As for the story, there isn't a lot to it, perhaps because it only lasted three issues. The three teenage superheroes are recruited by a local conman and wheeler-dealer to be a crime-fighting team. Their uniforms were designed for a bowling team. They scuffle against a local "super villain" and then get involved in a gang war between local street toughs that turn out to be Kree and Skrull. The Fantastic Four show up for a cameo. The series ends with a note to write in if you want to see more. As far as I know, the characters and setting were never used again, but who knows what might have been mentioned in Marvel's sprawling continuity.

The main thing I noticed was the good and bad parts of Marvel's transformation around the year 2000 and 2001. The launch of the X-Men movie and the abandonment of the Comics Code gave Marvel a great deal of stylistic choices, and some of the concepts in the Craptacular B-Sides had already been explored in X-Statix. I certainly appreciate some humor in my comics, and the story was cute and engaging, but some of the "post-modernistic" winking at the camera about the silliness of the genre now seems very dated. In addition, the story is a bit muddier than it was previously--- "show not tell" is good advice, except for in superhero comics where, as corny as it is, sometimes a thought balloon interior monologue can really help a reader know what is going on.

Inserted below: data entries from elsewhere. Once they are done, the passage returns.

lemma card_kept_src: "card (kept_src p k) + deleted p k = k"
  using card_Int_Diff[of "{p - int k<..p}" K] unfolding kept_src_def deleted_def by simp

lemma card_kept_dst: "card (kept_dst p k) + inserted p k = k"
proof -
  have "F ` kept_dst p k = {F p - int k<..F p} \<inter> F ` K" unfolding kept_dst_def by auto
  moreover have "card (F ` kept_dst p k) = card (kept_dst p k)"
    using inj by (rule card_image[OF inj_on_subset]) (auto simp: kept_dst_def)
  ultimately show ?thesis
    using card_Int_Diff[of "{F p - int k<..F p}" "F ` K"] unfolding inserted_def by simp
qed

lemma finite_kept_src: "finite (kept_src p k)"
  unfolding kept_src_def by simp

lemma finite_kept_dst: "finite (kept_dst p k)"
proof -
  have "F ` kept_dst p k \<subseteq> {F p - int k<..F p}" unfolding kept_dst_def by auto
  moreover have "inj_on F (kept_dst p k)" using inj by (rule inj_on_subset) (auto simp: kept_dst_def)
  ultimately show ?thesis using finite_subset finite_imageD by blast
qed

lemma kept_src_dst_nested:
  assumes "p \<in> K" shows "kept_src p k \<subseteq> kept_dst p k \<or> kept_dst p k \<subseteq> kept_src p k"
proof (rule ccontr)
  assume "\<not> ?thesis"
  then obtain x y where x: "x \<in> kept_src p k" "x \<notin> kept_dst p k"
    and y: "y \<in> kept_dst p k" "y \<notin> kept_src p k" by auto
  have "x \<in> K" "y \<in> K" "x \<le> p" using x y unfolding kept_src_def kept_dst_def by auto
  then have "F x \<le> F p - int k" "y \<le> p" "F p - int k < F y"
    using x y le_iff[OF _ assms] unfolding kept_src_def kept_dst_def by auto
  then have "y < x" using x y \<open>y \<in> K\<close> unfolding kept_src_def kept_dst_def by auto
  then show False
    using less_iff[OF \<open>y \<in> K\<close> \<open>x \<in> K\<close>] \<open>F x \<le> F p - int k\<close> \<open>F p - int k < F y\<close> by linarith
qed

lemma card_kept_Un_le: "p \<in> K \<Longrightarrow> card (kept_src p k \<union> kept_dst p k) \<le> k"
  using kept_src_dst_nested card_kept_src[of p k] card_kept_dst[of p k]
  by (metis le_add1 subset_Un_eq sup_commute)

lemma le_card_kept_Int: "p \<in> K \<Longrightarrow> k \<le> card (kept_src p k \<inter> kept_dst p k) + deleted p k + inserted p k"
  using kept_src_dst_nested card_kept_src[of p k] card_kept_dst[of p k]
  by (metis Int_absorb1 Int_absorb2 add.commute le_add2 trans_le_add2 add_le_cancel_left le_refl add.assoc)

text \<open>The two windows of the rightmost point cover every point that is not strictly to the left
  of both of them, and the edits inside these windows are not counted again.\<close>
lemma card_le_4_edits:
  assumes "finite P" "P \<subseteq> K"
    and "\<And>p. p \<in> P \<Longrightarrow> 0 < w p \<and> w p \<le> 4 * (deleted p (w p) + inserted p (w p))"
    and "\<And>p. p \<in> P \<Longrightarrow> p \<le> A \<and> F p \<le> B"
  shows "card P \<le> 4 * (card ({..A} - K) + card ({..B} - F ` K))"
  using assms
proof (induction "card P" arbitrary: P A B rule: less_induct)
  case less
  show ?case
  proof (cases "P = {}")
    case True
    then show ?thesis by simp
  next
    case False
    define p where "p = Max P"
    have "p \<in> P" and p_max: "\<And>q. q \<in> P \<Longrightarrow> q \<le> p"
      unfolding p_def using False less.prems(1) by auto
    have "p \<in> K" using \<open>p \<in> P\<close> less.prems(2) by auto
    define k where "k = w p"
    have "0 < k" "k \<le> 4 * (deleted p k + inserted p k)"
      using less.prems(3)[OF \<open>p \<in> P\<close>] unfolding k_def by auto
    define P' where "P' = {q \<in> P. q \<le> p - int k \<and> F q \<le> F p - int k}"
    have "P' \<subseteq> P" unfolding P'_def by auto
    have "finite P'" using \<open>P' \<subseteq> P\<close> less.prems(1) by (rule finite_subset)
    moreover have "p \<notin> P'" using \<open>0 < k\<close> unfolding P'_def by auto
    ultimately have "card P' < card P"
      using \<open>p \<in> P\<close> \<open>P' \<subseteq> P\<close> less.prems(1) by (intro psubset_card_mono) auto
    then have IH: "card P' \<le> 4 * (card ({..p - int k} - K) + card ({..F p - int k} - F ` K))"
      using \<open>finite P'\<close> \<open>P' \<subseteq> P\<close> less.prems(2,3) by (intro less.hyps) (auto simp: P'_def)
    have "P - P' \<subseteq> kept_src p k \<union> kept_dst p k"
      using p_max less.prems(2) le_iff[OF _ \<open>p \<in> K\<close>] unfolding P'_def kept_src_def kept_dst_def by fastforce
    then have "card (P - P') \<le> k"
      using card_kept_Un_le[OF \<open>p \<in> K\<close>, of k] finite_kept_src finite_kept_dst
      by (meson card_mono finite_UnI le_trans)
    moreover have "card P = card P' + card (P - P')"
      using card_Diff_subset[OF \<open>finite P'\<close> \<open>P' \<subseteq> P\<close>] card_mono[OF less.prems(1) \<open>P' \<subseteq> P\<close>] by linarith
    moreover have "card ({..p - int k} - K) + deleted p k \<le> card ({..A} - K)"
      unfolding deleted_def using less.prems(4)[OF \<open>p \<in> P\<close>] finite_deleted
      by (intro card_Diff_split_interval) (auto intro: finite_subset)
    moreover have "card ({..F p - int k} - F ` K) + inserted p k \<le> card ({..B} - F ` K)"
      unfolding inserted_def using less.prems(4)[OF \<open>p \<in> P\<close>] finite_inserted
      by (intro card_Diff_split_interval) (auto intro: finite_subset)
    ultimately show ?thesis using IH \<open>k \<le> 4 * (deleted p k + inserted p k)\<close> by simp
  qed
qed
(* Let $p=\alpha(\alpha+1)>2$ with $\alpha>0$, let $c_p=\frac{1+z_p}{1-z_p}$, $a_p=h_{c_p}'(z_p)/L_\alpha'(z_p)$, and let $\ell_p$ be the tangent line to the graph of $h_{c_p}$ at $z_p$. Then $a_pL_\alpha$ and $h_{c_p}$ have the same value ($0$) and the same derivative at $z_p$, and on $[z_p,1]$ $$h_{c_p}\le \ell_p\le a_pL_\alpha ,$$ i.e. $\ell_p$ separates the graphs of $a_pL_\alpha$ and $h_{c_p}$ on $(z_p,1)$.
   Context: $L_\alpha$ is the solution on $(-1,1)$ of $(1-s^2)y''-2sy'+\alpha(\alpha+1)y=0$ bounded near $1$ with $L_\alpha(1)=1$ (i.e. ${}_2F_1(-\alpha,\alpha+1;1;\frac{1-s}{2})$); $z_p$ is its largest zero in $(-1,1)$; $h_c(s)=\big(\frac{1+s}{2}\big)^p-c^p\big(\frac{1-s}{2}\big)^p$. *)

theory Defs
  imports "HOL-Analysis.Analysis"
begin

text \<open>The Legendre function L_alpha(s) = 2F1(-alpha, alpha+1; 1; (1-s)/2),
  given by its hypergeometric series (convergent for s in (-1,1]).\<close>
definition legendreL :: "real \<Rightarrow> real \<Rightarrow> real" where
  "legendreL \<alpha> s = (\<Sum>n. pochhammer (-\<alpha>) n * pochhammer (\<alpha> + 1) n
                          / (fact n)^2 * ((1 - s) / 2) ^ n)"

definition zp :: "real \<Rightarrow> real" where
  "zp \<alpha> = (GREATEST s. s \<in> {-1<..<1} \<and> legendreL \<alpha> s = 0)"

definition hc :: "real \<Rightarrow> real \<Rightarrow> real \<Rightarrow> real" where
  "hc p c s = ((1 + s) / 2) powr p - c powr p * ((1 - s) / 2) powr p"

end

theory Submission
  imports Defs
begin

And for me, the most outstanding point is just how much mainstream comics changed between 1998 or 1999 and 2001 or 2002--- comparable to how much music changed between 1962 and 1966. A few years before, Marvel was basically making the same superhero comics they made in the 1980s---and then in a very short period, the boundaries of what was happening in mainstream comics changed, which was a bold move, even if it didn't always work perfectly.